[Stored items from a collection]
╔══

lemma is_ess_sup_le_on_event:
  assumes Z: "is_ess_sup M N I A Z" and P[measurable]: "Measurable.pred N P"
    and le: "\<And>i. i \<in> I \<Longrightarrow> AE \<omega> in M. P \<omega> \<longrightarrow> A i \<omega> \<le> c"
  shows "AE \<omega> in M. P \<omega> \<longrightarrow> Z \<omega> \<le> c"
proof -
  note is_ess_sup_measurable[OF Z, measurable]
  have "AE \<omega> in M. Z \<omega> \<le> (if P \<omega> then c else Z \<omega>)"
  proof (rule is_ess_sup_least[OF Z])
    fix i assume i: "i \<in> I"
    from is_ess_sup_upper[OF Z i] le[OF i]
    show "AE \<omega> in M. A i \<omega> \<le> (if P \<omega> then c else Z \<omega>)" by eventually_elim auto
  qed measurable
  then show ?thesis by eventually_elim auto
qed

lemma is_ess_sup_nonneg:
  assumes Z: "is_ess_sup M N I A Z"
    and lower: "\<And>e. 0 < e \<Longrightarrow> \<exists>i\<in>I. AE \<omega> in M. - ereal e \<le> A i \<omega>"
  shows "AE \<omega> in M. 0 \<le> Z \<omega>"
proof -
  have "AE \<omega> in M. - ereal (1 / Suc n) \<le> Z \<omega>" for n :: nat
  proof -
    obtain i where i: "i \<in> I" and "AE \<omega> in M. - ereal (1 / Suc n) \<le> A i \<omega>"
      using lower[of "1 / Suc n"] by auto
    from this(2) is_ess_sup_upper[OF Z i] show ?thesis by eventually_elim (rule order_trans)
  qed
  then have "AE \<omega> in M. \<forall>n::nat. - ereal (1 / Suc n) \<le> Z \<omega>"
    by (simp add: AE_all_countable)
  then show ?thesis
  proof eventually_elim
    case (elim \<omega>)
    show "0 \<le> Z \<omega>"
    proof (rule ereal_le_epsilon2)
      fix e :: real assume "0 < e"
      then obtain n :: nat where "1 / Suc n < e" using nat_approx_posE by blast
      then have "- ereal e \<le> - ereal (1 / Suc n)" by simp
      also have "\<dots> \<le> Z \<omega>" using elim by blast
      finally have "- ereal e \<le> Z \<omega>" .
      then show "0 \<le> Z \<omega> + ereal e" by (cases "Z \<omega>") auto
    qed
  qed
qed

╚══

## WHAT THE EXERCISE ASKS
Make sure that every entry above is copied out exactly as it stands.

## TASK RESULT
lemma is_ess_sup_le_on_event:
  assumes Z: "is_ess_sup M N I A Z" and P[measurable]: "Measurable.pred N P"
    and le: "\<And>i. i \<in> I \<Longrightarrow> AE \<omega> in M. P \<omega> \<longrightarrow> A i \<omega> \<le> c"
  shows "AE \<omega> in M. P \<omega> \<longrightarrow> Z \<omega> \<le> c"
proof -
  note is_ess_sup_measurable[OF Z, measurable]
  have "AE \<omega> in M. Z \<omega> \<le> (if P \<omega> then c else Z \<omega>)"
  proof (rule is_ess_sup_least[OF Z])
    fix i assume i: "i \<in> I"
    from is_ess_sup_upper[OF Z i] le[OF i]
    show "AE \<omega> in M. A i \<omega> \<le> (if P \<omega> then c else Z \<omega>)" by eventually_elim auto
  qed measurable
  then show ?thesis by eventually_elim auto
qed

lemma is_ess_sup_nonneg:
  assumes Z: "is_ess_sup M N I A Z"
    and lower: "\<And>e. 0 < e \<Longrightarrow> \<exists>i\<in>I. AE \<omega> in M. - ereal e \<le> A i \<omega>"
  shows "AE \<omega> in M. 0 \<le> Z \<omega>"
proof -
  have "AE \<omega> in M. - ereal (1 / Suc n) \<le> Z \<omega>" for n :: nat
  proof -
    obtain i where i: "i \<in> I" and "AE \<omega> in M. - ereal (1 / Suc n) \<le> A i \<omega>"
      using lower[of "1 / Suc n"] by auto
    from this(2) is_ess_sup_upper[OF Z i] show ?thesis by eventually_elim (rule order_trans)
  qed
  then have "AE \<omega> in M. \<forall>n::nat. - ereal (1 / Suc n) \<le> Z \<omega>"
    by (simp add: AE_all_countable)
  then show ?thesis
  proof eventually_elim
    case (elim \<omega>)
    show "0 \<le> Z \<omega>"
    proof (rule ereal_le_epsilon2)
      fix e :: real assume "0 < e"
      then obtain n :: nat where "1 / Suc n < e" using nat_approx_posE by blast
      then have "- ereal e \<le> - ereal (1 / Suc n)" by simp
      also have "\<dots> \<le> Z \<omega>" using elim by blast
      finally have "- ereal e \<le> Z \<omega>" .
      then show "0 \<le> Z \<omega> + ereal e" by (cases "Z \<omega>") auto
    qed
  qed
qed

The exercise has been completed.